When will the tank be half empty?

[Gogsey]

Water leaks from a vertical cylindrical tank through a small hole in its base at a rate proportional to the square root of the volume remaining. The tank initially contains 175L and 15L leak out during the first day.

When will the tank be half enpty?

How much water will remain in the tank after 4 days?

So the differential equation is dV/dt=-k(sqrtV)

Differntiating I have 2(sqrtVi-sqrtVf) = -kt+c

I 'm not sure about my lower bounds for V though? I have 175 for my upper bound, but what would be the lower bound? Would it be half of 175 for the first question, and 175 -15, so 160for the second question?
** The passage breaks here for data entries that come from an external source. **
text \<open>The coefficient \<open>((1 + L) / 2) powr q < 1\<close> of \<open>z powr q\<close> is what makes the integral
  of \<open>|h| powr q\<close> contract, also for \<open>q < 1\<close> where no triangle inequality is available.\<close>

lemma powr_add_mult_le_split:
  fixes a z q L :: real
  assumes a: "0 \<le> a" and z: "0 \<le> z" and q: "0 < q" and L: "0 \<le> L" "L < 1"
  shows "(a + L * z) powr q \<le> (1 + 2 / (1 - L)) powr q * a powr q + ((1 + L) / 2) powr q * z powr q"
proof (cases "a \<le> (1 - L) / 2 * z")
  case True
  have "(a + L * z) powr q \<le> ((1 + L) / 2 * z) powr q"
    using True a z L q by (intro powr_mono2) (auto simp: field_simps)
  also have "\<dots> = ((1 + L) / 2) powr q * z powr q"
    by (rule powr_mult; use L z in auto)
  also have "\<dots> \<le> (1 + 2 / (1 - L)) powr q * a powr q + ((1 + L) / 2) powr q * z powr q"
    by simp
  finally show ?thesis .
next
  case False
  then have "z \<le> a * (2 / (1 - L))"
    using L by (simp add: field_simps)
  moreover have "L * z \<le> z"
    using L z by (intro mult_left_le_one_le) auto
  ultimately have "L * z \<le> a * (2 / (1 - L))"
    by linarith
  then have "(a + L * z) powr q \<le> (a * (1 + 2 / (1 - L))) powr q"
    using a z L q by (intro powr_mono2) (auto simp: field_simps)
  also have "\<dots> = (1 + 2 / (1 - L)) powr q * a powr q"
    using L a by (simp add: powr_mult)
  also have "\<dots> \<le> (1 + 2 / (1 - L)) powr q * a powr q + ((1 + L) / 2) powr q * z powr q"
    by simp
  finally show ?thesis .
qed
(* Let $H$ be an $n\times n$ matrix with all entries of absolute value $1$, pairwise orthogonal rows $R_0,\dots,R_{n-1}$, and $R_0$ the all-ones vector. Suppose that for all $a,b$ the vector $R_a\circ R_b$ is non-orthogonal to exactly one of the vectors $R_0,\dots,R_{n-1}$. Then there exist a finite Abelian group $G$ of order $n$ and a bijection $\varphi:\{0,\dots,n-1\}\to G$ such that the map $\{i,j\}\mapsto\{\varphi(i),\varphi(j)\}$ is a graph isomorphism from $L(H)$ onto the L-graph of the Fourier matrix of $G$.
   Context: For a square complex matrix $C$ with rows $(c_i)_{i\in I}$, its L-graph $L(C)$ is the simple graph on the set of 2-element multisets $\{i,j\}$ of row indices ($i=j$ allowed), distinct vertices $\{i,j\}$, $\{k,l\}$ being adjacent iff $\langle c_i\circ c_j|c_k\circ c_l\rangle=0$; $\circ$ is the entrywise product, $\langle x|y\rangle=\sum_t\overline{x_t}y_t$. The Fourier matrix of $G=\mathbb{Z}_{d_1}\times\cdots\times\mathbb{Z}_{d_m}$ is $(\chi_j(i))_{i,j\in G}$ with $\chi_a(b)=\exp(\sum_j\frac{2\pi i}{d_j}a_jb_j)$. *)

theory Defs
  imports Complex_Main "HOL-Library.Multiset"
begin

definition cinner :: "'t set \<Rightarrow> ('t \<Rightarrow> complex) \<Rightarrow> ('t \<Rightarrow> complex) \<Rightarrow> complex" where
  "cinner T x y = (\<Sum>t\<in>T. cnj (x t) * y t)"

definition rowprod :: "('i \<Rightarrow> 't \<Rightarrow> complex) \<Rightarrow> 'i multiset \<Rightarrow> 't \<Rightarrow> complex" where
  "rowprod c M t = prod_mset (image_mset (\<lambda>i. c i t) M)"

text \<open>Vertices of the L-graph: 2-element multisets of row indices (i = j allowed).\<close>
definition Lverts :: "'i set \<Rightarrow> 'i multiset set" where
  "Lverts I = {M. size M = 2 \<and> set_mset M \<subseteq> I}"

definition Ladj :: "'t set \<Rightarrow> ('i \<Rightarrow> 't \<Rightarrow> complex) \<Rightarrow> 'i multiset \<Rightarrow> 'i multiset \<Rightarrow> bool" where
  "Ladj T c M N \<longleftrightarrow> M \<noteq> N \<and> cinner T (rowprod c M) (rowprod c N) = 0"

definition Lgraph_iso ::
  "'i set \<Rightarrow> 't set \<Rightarrow> ('i \<Rightarrow> 't \<Rightarrow> complex) \<Rightarrow>
   'j set \<Rightarrow> 's set \<Rightarrow> ('j \<Rightarrow> 's \<Rightarrow> complex) \<Rightarrow>
   ('i multiset \<Rightarrow> 'j multiset) \<Rightarrow> bool" where
  "Lgraph_iso I T c J S d f \<longleftrightarrow>
     bij_betw f (Lverts I) (Lverts J) \<and>
     (\<forall>M\<in>Lverts I. \<forall>N\<in>Lverts I. Ladj T c M N \<longleftrightarrow> Ladj S d (f M) (f N))"

text \<open>The group Z_{d_1} x ... x Z_{d_m}, elements represented as lists of residues.\<close>
definition cyc_prod :: "nat list \<Rightarrow> nat list set" where
  "cyc_prod ds = {x. length x = length ds \<and> (\<forall>j<length ds. x ! j < ds ! j)}"

definition fchar :: "nat list \<Rightarrow> nat list \<Rightarrow> nat list \<Rightarrow> complex" where
  "fchar ds a b = exp (\<Sum>j<length ds. 2 * of_real pi * \<i> * of_nat (a ! j) * of_nat (b ! j) / of_nat (ds ! j))"

definition fourier :: "nat list \<Rightarrow> nat list \<Rightarrow> nat list \<Rightarrow> complex" where
  "fourier ds i j = fchar ds j i"

end

theory Submission
  imports Defs "HOL-Algebra.Multiplicative_Group" "Jordan_Normal_Form.Determinant"
begin

(* Expanding R_a o R_b in the orthogonal basis of rows shows that it is a
   nonzero multiple of R_{a.b}; as distinct rows are never proportional, a.b is a
   commutative, associative, cancellative operation with neutral element 0, so the row
   indices form a finite abelian group (locale hadamard, row_group).  Moreover
   R_a o R_b is orthogonal to R_c o R_d iff a.b <> c.d.
   For the Fourier matrix of G = Z_{d_1} x ... x Z_{d_m} the same criterion holds with the
   group law of G, by orthogonality and multiplicativity of characters (fourier_pair_orth).
   Hence the L-graphs are isomorphic via any group isomorphism of the row group onto some
   Z_{d_1} x ... x Z_{d_m} (Lgraph_iso_by_pairs).  Such an isomorphism is provided by the
   structure theorem for finite abelian groups (finite_abelian_basis), proved by splitting
   off the cyclic subgroup generated by an element of maximal order (cyclic_complement). *)

lemma lcm_drop_coprime_factor:
  fixes a b q :: nat
  assumes "q dvd a" "coprime q b"
  shows "lcm a (q * b) = lcm a b"
proof (rule dvd_antisym)
  show "lcm a (q * b) dvd lcm a b"
    using assms by (meson divides_mult dvd_lcm1 dvd_lcm2 dvd_trans lcm_least)
  show "lcm a b dvd lcm a (q * b)"
    by (meson dvd_lcm1 dvd_lcm2 dvd_mult_left dvd_trans lcm_least dvd_triv_right)
qed

lemma lcm_strip_prime_power:
  fixes a b p :: nat
  assumes p: "prime p" and b: "0 < b" "p dvd b" and pa: "p ^ multiplicity p b dvd a"
  obtains b0 where "b0 dvd b" "0 < b0" "b0 < b" "lcm a b0 = lcm a b"
proof -
  have nu: "\<not> is_unit p" using p not_prime_unit by blast
  obtain b0 where b0: "b = p ^ multiplicity p b * b0" "\<not> p dvd b0"
    using multiplicity_decompose'[OF _ nu] b(1) by (metis not_gr0)
  have "multiplicity p b \<noteq> 0" using b0 b(2) by (metis mult_1 power_0)
  then have "1 < p ^ multiplicity p b" using prime_gt_1_nat[OF p] by (intro one_less_power) auto
  moreover have "0 < b0" using b0(1) b(1) by (cases b0) auto
  ultimately have "b0 < b" using b0(1) mult_less_mono1[of 1 "p ^ multiplicity p b" b0] by simp
  moreover have "lcm a b = lcm a b0"
    using b0 lcm_drop_coprime_factor[OF pa] prime_imp_coprime[OF p] by (metis coprime_power_left_iff)
  ultimately show ?thesis using that \<open>0 < b0\<close> b0(1) by (metis dvd_triv_right)
qed

text \<open>\<open>lcm a b\<close> is the product of coprime divisors of \<open>a\<close> and \<open>b\<close>; this is what produces
  elements of order \<open>lcm (ord x) (ord y)\<close> in abelian groups.  By induction on \<open>a + b\<close>: while
  \<open>a\<close> and \<open>b\<close> share a prime, strip its full power from the argument where it is smaller.\<close>
lemma lcm_coprime_split:
  fixes a b :: nat
  assumes "0 < a" "0 < b"
  shows "\<exists>a' b'. a' dvd a \<and> b' dvd b \<and> coprime a' b' \<and> a' * b' = lcm a b"
  using assms
proof (induction "a + b" arbitrary: a b rule: less_induct)
  case less
  show ?case
  proof (cases "coprime a b")
    case True
    then show ?thesis by (intro exI[of _ a] exI[of _ b]) (simp add: lcm_coprime)
  next
    case False
    then obtain p where p: "prime p" "p dvd a" "p dvd b"
      by (metis coprime_iff_gcd_eq_1 gcd_dvd1 gcd_dvd2 dvd_trans prime_factor_nat)
    consider "p ^ multiplicity p b dvd a" | "p ^ multiplicity p a dvd b"
      by (metis le_imp_power_dvd multiplicity_dvd nat_le_linear dvd_trans)
    then show ?thesis
    proof cases
      case 1
      then obtain b0 where b0: "b0 dvd b" "0 < b0" "b0 < b" "lcm a b0 = lcm a b"
        using lcm_strip_prime_power p less.prems by blast
      moreover obtain a' b' where "a' dvd a" "b' dvd b0" "coprime a' b'" "a' * b' = lcm a b0"
        using less.hyps[of a b0] less.prems b0 by auto
      ultimately show ?thesis by (metis dvd_trans)
    next
      case 2
      then obtain a0 where a0: "a0 dvd a" "0 < a0" "a0 < a" "lcm b a0 = lcm b a"
        using lcm_strip_prime_power p less.prems by blast
      moreover obtain a' b' where "a' dvd a0" "b' dvd b" "coprime a' b'" "a' * b' = lcm a0 b"
        using less.hyps[of a0 b] less.prems a0 by auto
      ultimately show ?thesis by (metis dvd_trans lcm.commute)
    qed
  qed
qed

lemma cyc_prod_Nil: "cyc_prod [] = {[]}"
  by (auto simp: cyc_prod_def)

lemma cyc_prod_Cons: "cyc_prod (d # ds) = {x # xs | x xs. x < d \<and> xs \<in> cyc_prod ds}"
proof (intro equalityI subsetI)
  fix z assume "z \<in> cyc_prod (d # ds)"
  then have z: "length z = Suc (length ds)" "\<forall>j<Suc (length ds). z ! j < (d # ds) ! j"
    by (auto simp: cyc_prod_def)
  then obtain x xs where zx: "z = x # xs" by (cases z) auto
  have "x < d" using z(2) zx by auto
  moreover have "xs \<in> cyc_prod ds" using z zx by (auto simp: cyc_prod_def)
  ultimately show "z \<in> {x # xs | x xs. x < d \<and> xs \<in> cyc_prod ds}" using zx by auto
next
  fix z assume "z \<in> {x # xs | x xs. x < d \<and> xs \<in> cyc_prod ds}"
  then obtain x xs where zx: "z = x # xs" "x < d" "xs \<in> cyc_prod ds" by auto
  then show "z \<in> cyc_prod (d # ds)"
    by (auto simp: cyc_prod_def less_Suc_eq_0_disj)
qed

fun cyc_add :: "nat list \<Rightarrow> nat list \<Rightarrow> nat list \<Rightarrow> nat list" where
  "cyc_add [] xs ys = []"
| "cyc_add (d # ds) xs ys = ((hd xs + hd ys) mod d) # cyc_add ds (tl xs) (tl ys)"

lemma cyc_add_in_cyc_prod: "\<forall>d\<in>set ds. 0 < d \<Longrightarrow> cyc_add ds xs ys \<in> cyc_prod ds"
  by (induction ds arbitrary: xs ys) (auto simp: cyc_prod_Nil cyc_prod_Cons)

lemma cyc_prod_Cons_image: "cyc_prod (d # ds) = (\<lambda>(a, as). a # as) ` ({..<d} \<times> cyc_prod ds)"
  unfolding cyc_prod_Cons by auto
(* Suppose the collision kernel satisfies the Assumption stated in the context with $\eta\ge\frac32$. Let $0\le f_0\in L^1(\mathbb R_{\ge0})$ have finite mass and energy, and let $f\in C([0,\infty);L^1(\mathbb R_{\ge0}))$ be the unique conservative mild solution on $[0,\infty)$ with $f(\cdot,0)=f_0$. Suppose in addition $f_0\in L^\infty(\mathbb R_{\ge0})$. Then $f(\cdot,t)\in L^\infty(\mathbb R_{\ge0})$ for all $t\ge0$ and $$\|f(t)\|_{L^\infty}\le(1+\|f_0\|_{L^\infty})\exp\Big(8b_0^2\int_0^t\|f(\tau)\|_{L^1}^2\,d\tau\Big)\qquad\forall\,t\ge0.$$
   Context: Norms: $\|f(t)\|_{L^1}=\int_0^\infty|f(x,t)|\,dx$, $\|f(t)\|_{L^\infty}$ the essential supremum in $x$. Kernel. $\hat\phi:[0,\infty)\to\mathbb R$ continuous bounded, $\Phi(r,\rho)=(\hat\phi(r)+\hat\phi(\rho))^2$, $x_*=(y+z-x)_+$. If $x_*xyz>0$, $W(x,y,z)=\frac{1}{4\pi\sqrt{xyz}}\int_{|\sqrt x-\sqrt y|\vee|\sqrt{x_*}-\sqrt z|}^{(\sqrt x+\sqrt y)\wedge(\sqrt{x_*}+\sqrt z)}ds\int_0^{2\pi}\Phi(\sqrt2 s,\sqrt2 Y_* )d\theta$ with $Y_*=\big|\sqrt{(z-\frac{(x-y+s^2)^2}{4s^2})_+}+e^{i\theta}\sqrt{(x-\frac{(x-y+s^2)^2}{4s^2})_+}\big|$ ($s>0$), $Y_*=0$ ($s=0$). Otherwise $W(0,y,z)=\Phi(\sqrt{2y},\sqrt{2z})/\sqrt{yz}$ ($y,z>0$), $W(x,0,z)=\Phi(\sqrt{2x},\sqrt{2(z-x)})/\sqrt{xz}$ ($z>x>0$), $W(x,y,0)=\Phi(\sqrt{2(y-x)},\sqrt{2x})/\sqrt{xy}$ ($y>x>0$), $W=0$ otherwise. Mild solutions. With $f=f(x)$, $f_*=f(x_* )$, $f'=f(y)$, $f_*'=f(z)$, $Q(f)(x)=\int_{\mathbb R_{\ge0}^2}W(x,y,z)[f'f_*'(1+f+f_* )-ff_*(1+f'+f_*')]\sqrt y\sqrt z\,dy\,dz$. A nonnegative measurable $f$ on $\mathbb R_{\ge0}\times[0,\infty)$ is a mild solution on $[0,\infty)$ if (i) $\sup_{t\in[0,T]}\int(1+x)f(x,t)\sqrt x\,dx<\infty$ for all $T>0$; (ii) there is a null set $Z$ independent of $t$ such that for $x\notin Z$, $t\ge0$: $\int_0^td\tau\int W[f'f_*'(1+f+f_* )+ff_*(1+f'+f_*')]\sqrt y\sqrt z\,dy\,dz<\infty$ and $f(x,t)=f(x,0)+\int_0^tQ(f)(x,\tau)d\tau$. Conservative: $\int f\sqrt x\,dx$ and $\int xf\sqrt x\,dx$ constant in $t$. Assumption. $\hat\phi$ continuous on $[0,\infty)$; constants $b_0>0,\eta\ge1$ with $0\le\hat\phi(r)\le b_0\frac{r^\eta}{1+r^\eta}$ for all $r\ge0$; there is $k\in C^1([1,\sqrt2])$, $k(1)=1$, with $\hat\phi(ar)\le k(a)\hat\phi(r)$ for all $r>0$, $1<a\le\sqrt2$. *)

theory Defs
  imports "HOL-Analysis.Analysis" "HOL-Probability.Essential_Supremum"
begin

text \<open>Functions of (x,t) are modelled as f :: real => real => real, f x t,
  only values with x >= 0, t >= 0 matter.\<close>

definition Phi :: "(real \<Rightarrow> real) \<Rightarrow> real \<Rightarrow> real \<Rightarrow> real" where
  "Phi ph r \<rho> = (ph r + ph \<rho>)^2"

definition xstar :: "real \<Rightarrow> real \<Rightarrow> real \<Rightarrow> real" where
  "xstar x y z = max (y + z - x) 0"

definition Ystar :: "real \<Rightarrow> real \<Rightarrow> real \<Rightarrow> real \<Rightarrow> real \<Rightarrow> real" where
  "Ystar x y z s \<theta> =
     (if s > 0 then
        (let A = (x - y + s^2)^2 / (4 * s^2) in
         cmod (complex_of_real (sqrt (max (z - A) 0))
               + cis \<theta> * complex_of_real (sqrt (max (x - A) 0))))
      else 0)"

definition W :: "(real \<Rightarrow> real) \<Rightarrow> real \<Rightarrow> real \<Rightarrow> real \<Rightarrow> real" where
  "W ph x y z =
     (if xstar x y z * x * y * z > 0 then
        1 / (4 * pi * sqrt (x * y * z)) *
        (LINT s:{max \<bar>sqrt x - sqrt y\<bar> \<bar>sqrt (xstar x y z) - sqrt z\<bar> ..
                  min (sqrt x + sqrt y) (sqrt (xstar x y z) + sqrt z)}|lborel.
           (LINT \<theta>:{0..2*pi}|lborel. Phi ph (sqrt 2 * s) (sqrt 2 * Ystar x y z s \<theta>)))
      else if x = 0 \<and> y > 0 \<and> z > 0 then
        Phi ph (sqrt (2*y)) (sqrt (2*z)) / sqrt (y * z)
      else if y = 0 \<and> z > x \<and> x > 0 then
        Phi ph (sqrt (2*x)) (sqrt (2*(z - x))) / sqrt (x * z)
      else if z = 0 \<and> y > x \<and> x > 0 then
        Phi ph (sqrt (2*(y - x))) (sqrt (2*x)) / sqrt (x * y)
      else 0)"

definition gain :: "(real \<Rightarrow> real \<Rightarrow> real) \<Rightarrow> real \<Rightarrow> real \<Rightarrow> real \<Rightarrow> real \<Rightarrow> real" where
  "gain f x y z t = f y t * f z t * (1 + f x t + f (xstar x y z) t)"
(* Work in the upper half-space model $\{(x,y,z): z>0\}$ of $\mathbb{H}^3$, where the height of a point $(x,y,z)$ is $\log z$. Let $\gamma$ be a non-vertical geodesic whose highest point has height $0$, and let $v_0 \in N^1(\gamma)$ be the unit normal vector to $\gamma$ based at its highest point and pointing straight up. Let $v \in N^1(\gamma)$, let $h$ be the height of the highest point of the geodesic ray starting at $v$, and write $v - v_0 = x + i\theta \in \mathbb{C}/2\pi i\mathbb{Z}$ with $|\theta| \le \pi$. Then $|x| < 2e^{-h}$ always, and $|\theta| \le 2e^{-h}$ whenever $h > 0$.
   Context: $N^1(\gamma)$ is the unit normal bundle of $\gamma$; it is a torsor for $\mathbb{C}/2\pi i\mathbb{Z}$, where the real part translates the base point along $\gamma$ (signed distance) and the imaginary part rotates the normal vector about $\gamma$. For $v, v_0 \in N^1(\gamma)$, $v - v_0$ denotes the unique element of $\mathbb{C}/2\pi i\mathbb{Z}$ carrying $v_0$ to $v$. *)

theory Defs
  imports "HOL-Analysis.Analysis"
begin

type_synonym pt3 = "real \<times> real \<times> real"

definition zc :: "pt3 \<Rightarrow> real" where "zc p = snd (snd p)"

definition in_H3 :: "pt3 \<Rightarrow> bool" where "in_H3 p \<longleftrightarrow> zc p > 0"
I also have to find the value of c. Initially Vi is 175, but so is Vf since none has leaked out yet, but this doesn't seem right. Unless you use how much is left after one day to find c. Is this correct?

 

[tiny-tim]

Hi Gogsey!

Differntiating I have 2(sqrtVi-sqrtVf) = -kt+c

(have a square-root: √ )

(and you mean "integrating", of course)

Why are you using V_i and V_f?

Your V_i is just part of the constant of integration, c.

So just write 2√V = -kt + c …

carry on from there. ​

 

[Gogsey]

Integrating, Yup, lol.

Ok, so at t = 0, we have 175 L, so does that mean, C = 2sqrt(175)?

Do we have to find the value of k?

 

[tiny-tim]

Ok, so at t = 0, we have 175 L, so does that mean, C = 2sqrt(175)?

Just got up :zzz: …

what happened to that √ i gave you?

Yes, C = 2√175.

Now start "at t = 4, …"